#### Required action:
Every line that contains "sequentially" must be located and copied from the data.
- - - -
lemma partially_hyperbolic_constant_cocycle:
  assumes M: "constant_cocycle g M C"
    and e: "C e1 = k1 *\<^sub>R e1" "C e2 = k2 *\<^sub>R e2" "C e3 = k3 *\<^sub>R e3"
    and nz: "e1 \<noteq> 0" "e2 \<noteq> 0" "e3 \<noteq> 0"
    and k: "0 < \<bar>k1\<bar>" "\<bar>k1\<bar> < 1" "\<bar>k1\<bar> < \<bar>k2\<bar>" "\<bar>k2\<bar> < \<bar>k3\<bar>" "1 < \<bar>k3\<bar>"
  shows "partially_hyperbolic g M
    (\<lambda>p. span {from_id p e1}) (\<lambda>p. span {from_id p e2}) (\<lambda>p. span {from_id p e3})"
proof -
  have "linear C"
    using M by (simp add: constant_cocycle_def)
  then have "indep3 e1 e2 e3"
    using k by (intro indep3_eigenvectors[OF _ e nz]) auto
  moreover have "unif_contracted g M (\<lambda>p. span {from_id p e1})"
    unfolding unif_contracted_def
    by (rule exI[of _ 1], rule exI[of _ "\<bar>k1\<bar>"])
      (use k in \<open>auto simp: hnorm_cocn_eigenline[OF M e(1)]\<close>)
  moreover have "unif_expanded g M (\<lambda>p. span {from_id p e3})"
    unfolding unif_expanded_def
    by (rule exI[of _ 1], rule exI[of _ "\<bar>k3\<bar>"])
      (use k in \<open>auto simp: hnorm_cocn_eigenline[OF M e(3)]\<close>)
  ultimately show ?thesis
    unfolding partially_hyperbolic_def
    using M e nz k cont_line_bundle_from_id gam_equivariant_from_id
      invariant_bundle_eigenline dominated_eigenlines span_eigenlines_UNIV
    by (auto simp del: span_Un)
qed

section \<open>Lyapunov exponents of constant cocycles\<close>

lemma tendsto_ln_geometric_div_n:
  assumes "c > 0" "r > 0"
  shows "(\<lambda>n. ln (c * r ^ n) / real n) \<longlonglongrightarrow> ln r"
proof (rule Lim_transform_eventually)
  show "(\<lambda>n. ln c / real n + ln r) \<longlonglongrightarrow> ln r"
    using tendsto_add[OF lim_const_over_n[of "ln c"] tendsto_const[of "ln r"]] by simp
  show "\<forall>\<^sub>F n in sequentially. ln c / real n + ln r = ln (c * r ^ n) / real n"
    using eventually_gt_at_top[of 0]
    by eventually_elim (use assms in \<open>simp add: ln_mult ln_realpow field_simps\<close>)
qed

lemma tendsto_ln_div_n_sandwich:
  assumes "A > 0" "r > 0" "\<And>n. A * r ^ n \<le> x n" "\<And>n. x n \<le> B * r ^ n"
  shows "(\<lambda>n. ln (x n) / real n) \<longlonglongrightarrow> ln r"
proof (rule tendsto_sandwich[OF _ _ tendsto_ln_geometric_div_n tendsto_ln_geometric_div_n])
  have pos: "0 < A * r ^ n" for n
    using assms by simp
  show "\<forall>\<^sub>F n in sequentially. ln (A * r ^ n) / real n \<le> ln (x n) / real n"
    using pos assms(3) by (intro always_eventually allI divide_right_mono ln_mono) auto
  show "\<forall>\<^sub>F n in sequentially. ln (x n) / real n \<le> ln (B * r ^ n) / real n"
    using pos assms(3,4) by (intro always_eventually allI divide_right_mono ln_mono)
      (auto intro: less_le_trans)
  show "0 < B"
    using pos[of 0] assms(3,4)[of 0] by simp
qed (use assms in auto)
- - - -
#### Result of the task:
  show "\<forall>\<^sub>F n in sequentially. ln c / real n + ln r = ln (c * r ^ n) / real n"
  show "\<forall>\<^sub>F n in sequentially. ln (A * r ^ n) / real n \<le> ln (x n) / real n"
  show "\<forall>\<^sub>F n in sequentially. ln (x n) / real n \<le> ln (B * r ^ n) / real n"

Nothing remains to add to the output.